The company has preferential right to renew terms with CCTV every year.
The company plans to distribute 20 percent of its net profits after listing and estimates its 2008 profits to be not less than 120 million yuan.
Seventy percent of sale proceeds will be used for acquisitions of other TV media advertising operators that could enhance or complement the company's existing business; and 20 percent will be used to acquire more advertising resources from CCTV, other TV stations and digital media.

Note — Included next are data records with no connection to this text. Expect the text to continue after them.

(* Let $n\geq 2$. For $x\in[0,1]$ let $X^{(x)}_n$ be a random variable taking values in $\{0,1,\ldots,n\}$ with $$P\left(X^{(x)}_n=k\right)=\binom{n}{k}\frac{x^{(k,c(x))}\,(1-x)^{(n-k,c(x))}}{1^{(n,c(x))}},\qquad c(x)=-\frac{\min\{x,1-x\}}{n-1},\quad k\in\{0,\ldots,n\}.$$ Then for all $0\leq x\leq y\leq 1$ we have $X^{(x)}_n\leq_{\mathrm{st}} X^{(y)}_n$.
   Context: For real $z$ and $h$, the rising factorial with increment $h$ is $z^{(0,h)}=1$ and $z^{(m,h)}=z(z+h)\cdots(z+(m-1)h)$ for integers $m\geq 1$. $X^{(x)}_n$ is the number of white balls drawn in $n$ draws from a Pólya urn initially containing $x$ white and $1-x$ black balls with replacement parameter $c(x)$. For random variables $X,Y$, $X\leq_{\mathrm{st}}Y$ (usual stochastic order) means that their distribution functions satisfy $F_X(t)\geq F_Y(t)$ for all $t\in\mathbb{R}$. *)

theory Defs
  imports Complex_Main
begin

definition rising_fact_h :: "real \<Rightarrow> nat \<Rightarrow> real \<Rightarrow> real" where
  "rising_fact_h z m h = (\<Prod>j<m. z + real j * h)"

definition polya_c :: "nat \<Rightarrow> real \<Rightarrow> real" where
  "polya_c n x = - min x (1 - x) / (real n - 1)"

definition polya_prob :: "nat \<Rightarrow> real \<Rightarrow> nat \<Rightarrow> real" where
  "polya_prob n x k =
     (if k \<le> n then
        real (n choose k) * rising_fact_h x k (polya_c n x)
          * rising_fact_h (1 - x) (n - k) (polya_c n x)
          / rising_fact_h 1 n (polya_c n x)
      else 0)"

definition polya_cdf :: "nat \<Rightarrow> real \<Rightarrow> real \<Rightarrow> real" where
  "polya_cdf n x t = (\<Sum>k\<in>{k. k \<le> n \<and> real k \<le> t}. polya_prob n x k)"

text \<open>Usual stochastic order between distributions given by distribution functions:
  X \<le>st Y iff F_X(t) \<ge> F_Y(t) for all real t.\<close>
definition st_le :: "(real \<Rightarrow> real) \<Rightarrow> (real \<Rightarrow> real) \<Rightarrow> bool" where
  "st_le F G \<longleftrightarrow> (\<forall>t. F t \<ge> G t)"

end

theory Submission imports Defs begin

text \<open>On \<open>[0, 1/2]\<close> the parameter is \<open>c(x) = -x/(n-1)\<close>, and up to the normalizer the
  probability of \<open>k\<close> factors as \<open>C k * x^k * \<Prod>l<n-k. (1 - x - l x/(n-1))\<close>, where the power
  grows and the product shrinks with \<open>x\<close>. Hence the family has monotone likelihood ratio in
  \<open>k\<close>, which implies the usual stochastic order. The symmetry between \<open>X\<close> at \<open>1 - x\<close> and
  \<open>n - X\<close> at \<open>x\<close> transfers this to \<open>[1/2, 1]\<close>, and the two halves are joined at \<open>x = 1/2\<close>.
  That the probabilities sum to one is the Chu-Vandermonde identity for rising factorials.\<close>

lemma rising_fact_h_zero: "rising_fact_h z m 0 = z ^ m"
  by (simp add: rising_fact_h_def)

lemma rising_fact_h_pochhammer:
  assumes "h \<noteq> 0"
  shows "rising_fact_h z m h = h ^ m * pochhammer (z / h) m"
proof -
  have "h ^ m * pochhammer (z / h) m = (\<Prod>j<m. h * (z / h + real j))"
    by (simp add: pochhammer_prod lessThan_atLeast0 prod.distrib)
  also have "\<dots> = rising_fact_h z m h"
    unfolding rising_fact_h_def using assms by (intro prod.cong) (auto simp: algebra_simps)
  finally show ?thesis ..
qed

lemma rising_fact_h_binomial_sum:
  "rising_fact_h (a + b) n h
     = (\<Sum>k\<le>n. real (n choose k) * rising_fact_h a k h * rising_fact_h b (n - k) h)"
proof (cases "h = 0")
  case True
  then show ?thesis by (simp add: rising_fact_h_zero binomial_ring)
next
  case False
  have "rising_fact_h (a + b) n h
      = (\<Sum>k\<le>n. h ^ n * (real (n choose k) * pochhammer (a / h) k * pochhammer (b / h) (n - k)))"
    using False by (simp add: rising_fact_h_pochhammer add_divide_distrib pochhammer_binomial_sum
        sum_distrib_left)
  also have "\<dots> = (\<Sum>k\<le>n. real (n choose k) * rising_fact_h a k h * rising_fact_h b (n - k) h)"
    using False by (intro sum.cong) (auto simp: rising_fact_h_pochhammer power_add[symmetric])
  finally show ?thesis .
qed

text \<open>The likelihood ratio condition is cross-multiplied because the lower-half probability
  of \<open>k = n\<close> vanishes.\<close>

lemma sum_downset_le_of_likelihood_ratio:
  fixes p q :: "nat \<Rightarrow> real"
  assumes ratio: "\<And>i j. i \<le> j \<Longrightarrow> j \<le> n \<Longrightarrow> p j * q i \<le> p i * q j"
    and "sum p {..n} = 1" and "sum q {..n} = 1"
    and S: "S \<subseteq> {..n}" and down: "\<And>i j. i \<in> S \<Longrightarrow> j \<le> i \<Longrightarrow> j \<in> S"
  shows "sum q S \<le> sum p S"
proof -
  let ?T = "{..n} - S"
  have "sum p ?T * sum q S = (\<Sum>j\<in>?T. \<Sum>i\<in>S. p j * q i)"
    by (simp add: sum_product)
  also have "\<dots> \<le> (\<Sum>j\<in>?T. \<Sum>i\<in>S. p i * q j)"
    by (intro sum_mono ratio) (use down in \<open>auto intro: le_cases\<close>)
  also have "\<dots> = sum p S * sum q ?T"
    by (simp add: sum_product sum.swap[of _ S] mult.commute)
  finally have "sum p ?T * sum q S \<le> sum p S * sum q ?T" .
  moreover have "sum p ?T = 1 - sum p S" "sum q ?T = 1 - sum q S"
    using sum_diff[of "{..n}" S p] sum_diff[of "{..n}" S q] S assms(2,3) by auto
  ultimately show ?thesis by (simp add: algebra_simps)
qed

lemma power_times_prod_likelihood_ratio:
  fixes g :: "real \<Rightarrow> nat \<Rightarrow> real"
  assumes "0 \<le> x" "x \<le> y" "i \<le> j" "j \<le> n"
    and g: "\<And>l. l < n \<Longrightarrow> 0 \<le> g y l \<and> g y l \<le> g x l"
  shows "(x ^ j * (\<Prod>l<n - j. g x l)) * (y ^ i * (\<Prod>l<n - i. g y l))
       \<le> (x ^ i * (\<Prod>l<n - i. g x l)) * (y ^ j * (\<Prod>l<n - j. g y l))"
proof -
  have gx: "0 \<le> g x l" if "l < n" for l
    using g[OF that] by linarith
  define d where "d = j - i"
  define R where "R z = (\<Prod>l\<in>{n - j..<n - i}. g z l)" for z
  have split: "(\<Prod>l<n - i. g z l) = (\<Prod>l<n - j. g z l) * R z" for z
    unfolding R_def lessThan_atLeast0 using assms by (simp add: prod.atLeastLessThan_concat)
  have "x ^ d * R y \<le> y ^ d * R x"
    unfolding R_def using assms
    by (intro mult_mono power_mono prod_mono prod_nonneg) (auto dest: g gx)
  moreover have "0 \<le> x ^ i * y ^ i * (\<Prod>l<n - j. g x l) * (\<Prod>l<n - j. g y l)"
    using assms by (intro mult_nonneg_nonneg prod_nonneg zero_le_power) (auto dest: g intro!: gx)
  ultimately have "x ^ i * y ^ i * (\<Prod>l<n - j. g x l) * (\<Prod>l<n - j. g y l) * (x ^ d * R y)
      \<le> x ^ i * y ^ i * (\<Prod>l<n - j. g x l) * (\<Prod>l<n - j. g y l) * (y ^ d * R x)"
    by (rule mult_left_mono)
  moreover have "j = i + d" using assms unfolding d_def by simp
  ultimately show ?thesis
    unfolding split by (simp add: power_add mult_ac)
qed

lemma polya_c_one_minus: "polya_c n (1 - x) = polya_c n x"
  by (simp add: polya_c_def min.commute)

lemma polya_prob_one_minus:
  assumes "k \<le> n"
  shows "polya_prob n x k = polya_prob n (1 - x) (n - k)"
  using assms unfolding polya_prob_def polya_c_one_minus
  by (simp add: binomial_symmetric[OF assms, symmetric] mult_ac)

lemma polya_normalizer_pos:
  assumes "n \<ge> 2" "0 \<le> x" "x \<le> 1"
  shows "rising_fact_h 1 n (polya_c n x) > 0"
  unfolding rising_fact_h_def
proof (rule prod_pos)
  fix j assume "j \<in> {..<n}"
  then have "real j \<le> real n - 1"
    by auto
  moreover have "0 \<le> min x (1 - x)" "min x (1 - x) \<le> 1/2"
    using assms by (auto simp: min_def)
  ultimately have "real j * min x (1 - x) \<le> (real n - 1) * (1/2)"
    by (intro mult_mono) auto
  then have "real j * min x (1 - x) / (real n - 1) < 1"
    using assms(1) by (simp add: divide_simps)
  then show "0 < 1 + real j * polya_c n x"
    by (simp add: polya_c_def)
qed

lemma polya_prob_sum:
  assumes "n \<ge> 2" "0 \<le> x" "x \<le> 1"
  shows "sum (polya_prob n x) {..n} = 1"
proof -
  have "sum (polya_prob n x) {..n}
      = (\<Sum>k\<le>n. real (n choose k) * rising_fact_h x k (polya_c n x)
          * rising_fact_h (1 - x) (n - k) (polya_c n x)) / rising_fact_h 1 n (polya_c n x)"
    by (simp add: polya_prob_def sum_divide_distrib)
  also have "\<dots> = rising_fact_h (x + (1 - x)) n (polya_c n x) / rising_fact_h 1 n (polya_c n x)"
    by (simp only: rising_fact_h_binomial_sum)
  also have "\<dots> = 1"
    using polya_normalizer_pos[OF assms] by simp
  finally show ?thesis .
qed

lemma polya_prob_lower_half:
  assumes "0 \<le> x" "x \<le> 1/2" "k \<le> n"
  shows "polya_prob n x k = real (n choose k) * (\<Prod>j<k. 1 - real j / (real n - 1))
     * (x ^ k * (\<Prod>l<n - k. 1 - x - real l * x / (real n - 1)))
     / rising_fact_h 1 n (polya_c n x)"
proof -
  have c: "polya_c n x = - x / (real n - 1)"
    using assms by (simp add: polya_c_def)
  have "rising_fact_h x k (polya_c n x) = (\<Prod>j<k. x * (1 - real j / (real n - 1)))"
    unfolding rising_fact_h_def c by (intro prod.cong) (auto simp: algebra_simps)
  moreover have "rising_fact_h (1 - x) (n - k) (polya_c n x)
      = (\<Prod>l<n - k. 1 - x - real l * x / (real n - 1))"
    unfolding rising_fact_h_def c by (intro prod.cong) (auto simp: algebra_simps)
  ultimately show ?thesis
    using assms by (simp add: polya_prob_def prod.distrib mult_ac)
qed

lemma polya_prob_likelihood_ratio_lower_half:
  assumes n: "n \<ge> 2" and "0 \<le> x" "x \<le> y" "y \<le> 1/2" and "i \<le> j" "j \<le> n"
  shows "polya_prob n x j * polya_prob n y i \<le> polya_prob n x i * polya_prob n y j"
proof -
  define C where "C k = real (n choose k) * (\<Prod>j<k. 1 - real j / (real n - 1))" for k
  define g where "g z l = 1 - z - real l * z / (real n - 1)" for z l
  define W where "W z k = z ^ k * (\<Prod>l<n - k. g z l)" for z k
  define D where "D z = rising_fact_h 1 n (polya_c n z)" for z
  have prob: "polya_prob n z k = C k * W z k / D z" if "0 \<le> z" "z \<le> 1/2" "k \<le> n" for z k
    using polya_prob_lower_half[OF that] unfolding C_def W_def g_def D_def by simp
  have "C k \<ge> 0" if "k \<le> n" for k
    unfolding C_def using that n by (intro mult_nonneg_nonneg prod_nonneg) (auto simp: field_simps)
  moreover have "D z > 0" if "0 \<le> z" "z \<le> 1/2" for z
    unfolding D_def using that by (intro polya_normalizer_pos[OF n]) auto
  ultimately have K: "0 \<le> C i * C j / (D x * D y)"
    using assms by (intro divide_nonneg_pos mult_nonneg_nonneg mult_pos_pos) auto
  have "0 \<le> g y l \<and> g y l \<le> g x l" if "l < n" for l
  proof
    have "real l \<le> real n - 1"
      using that by linarith
    then have "real l * y \<le> (real n - 1) * y"
      using assms by (intro mult_right_mono) auto
    then have "real l * y / (real n - 1) \<le> y"
      using n by (simp add: divide_simps mult.commute)
    then show "0 \<le> g y l" using assms by (simp add: g_def)
    have "real l * x / (real n - 1) \<le> real l * y / (real n - 1)"
      using assms n by (intro divide_right_mono mult_left_mono) auto
    then show "g y l \<le> g x l"
      using assms by (simp add: g_def)
  qed
  then have "W x j * W y i \<le> W x i * W y j"
    unfolding W_def using assms by (intro power_times_prod_likelihood_ratio) auto
  then have "C i * C j / (D x * D y) * (W x j * W y i) \<le> C i * C j / (D x * D y) * (W x i * W y j)"
    using K by (rule mult_left_mono)
  then show ?thesis
    using assms by (simp add: prob mult_ac)
qed

lemma polya_prob_likelihood_ratio_upper_half:
  assumes "n \<ge> 2" "1/2 \<le> x" "x \<le> y" "y \<le> 1" and "i \<le> j" "j \<le> n"
  shows "polya_prob n x j * polya_prob n y i \<le> polya_prob n x i * polya_prob n y j"
proof -
  have "polya_prob n (1 - y) (n - i) * polya_prob n (1 - x) (n - j)
      \<le> polya_prob n (1 - y) (n - j) * polya_prob n (1 - x) (n - i)"
    using assms by (intro polya_prob_likelihood_ratio_lower_half) auto
  moreover have "polya_prob n z k = polya_prob n (1 - z) (n - k)" if "k \<le> n" for z k
    using that by (rule polya_prob_one_minus)
  ultimately show ?thesis
    using assms by (metis le_trans mult.commute)
qed

lemma polya_cdf_antimono_within_half:
  assumes "n \<ge> 2" "0 \<le> x" "x \<le> y" "y \<le> 1" and "y \<le> 1/2 \<or> 1/2 \<le> x"
  shows "polya_cdf n y t \<le> polya_cdf n x t"
  unfolding polya_cdf_def
proof (rule sum_downset_le_of_likelihood_ratio)
  show "polya_prob n x j * polya_prob n y i \<le> polya_prob n x i * polya_prob n y j"
    if "i \<le> j" "j \<le> n" for i j
    using assms(5)
  proof
    assume "y \<le> 1/2"
    then show ?thesis
      using assms that by (intro polya_prob_likelihood_ratio_lower_half) auto
  next
    assume "1/2 \<le> x"
    then show ?thesis
      using assms that by (intro polya_prob_likelihood_ratio_upper_half) auto
  qed
  show "sum (polya_prob n x) {..n} = 1" "sum (polya_prob n y) {..n} = 1"
    using assms by (auto intro: polya_prob_sum)
qed auto

theorem theorem3p2:
  fixes n :: nat and x y :: real
  assumes "n \<ge> 2" and "0 \<le> x" and "x \<le> y" and "y \<le> 1"
  shows "st_le (polya_cdf n x) (polya_cdf n y)"
  unfolding st_le_def
proof
  fix t
  show "polya_cdf n y t \<le> polya_cdf n x t"
  proof (cases "y \<le> 1/2 \<or> 1/2 \<le> x")
    case True
    then show ?thesis
      using assms by (intro polya_cdf_antimono_within_half) auto
  next
    case False
    then have "polya_cdf n y t \<le> polya_cdf n (1/2) t"
      using assms by (intro polya_cdf_antimono_within_half) auto
    also have "\<dots> \<le> polya_cdf n x t"
      using False assms by (intro polya_cdf_antimono_within_half) auto
    finally show ?thesis .
  qed
qed

end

The TV advertising agency, previously known as CTV Golden Bridge, has started investors' roadshow for global offering only one day before the four-day retail offering today.
Morgan Stanley and Cazenove are the joint global coordinators, joint bookrunners and joint sponsors of the deal. The company's shares will start trading on July 8.
Ronald Wan, managing director at BOCOM International, said that the company has a niche in its business and this may attract some speculation. But its long-term prospect really depends on sustainability and exclusiveness.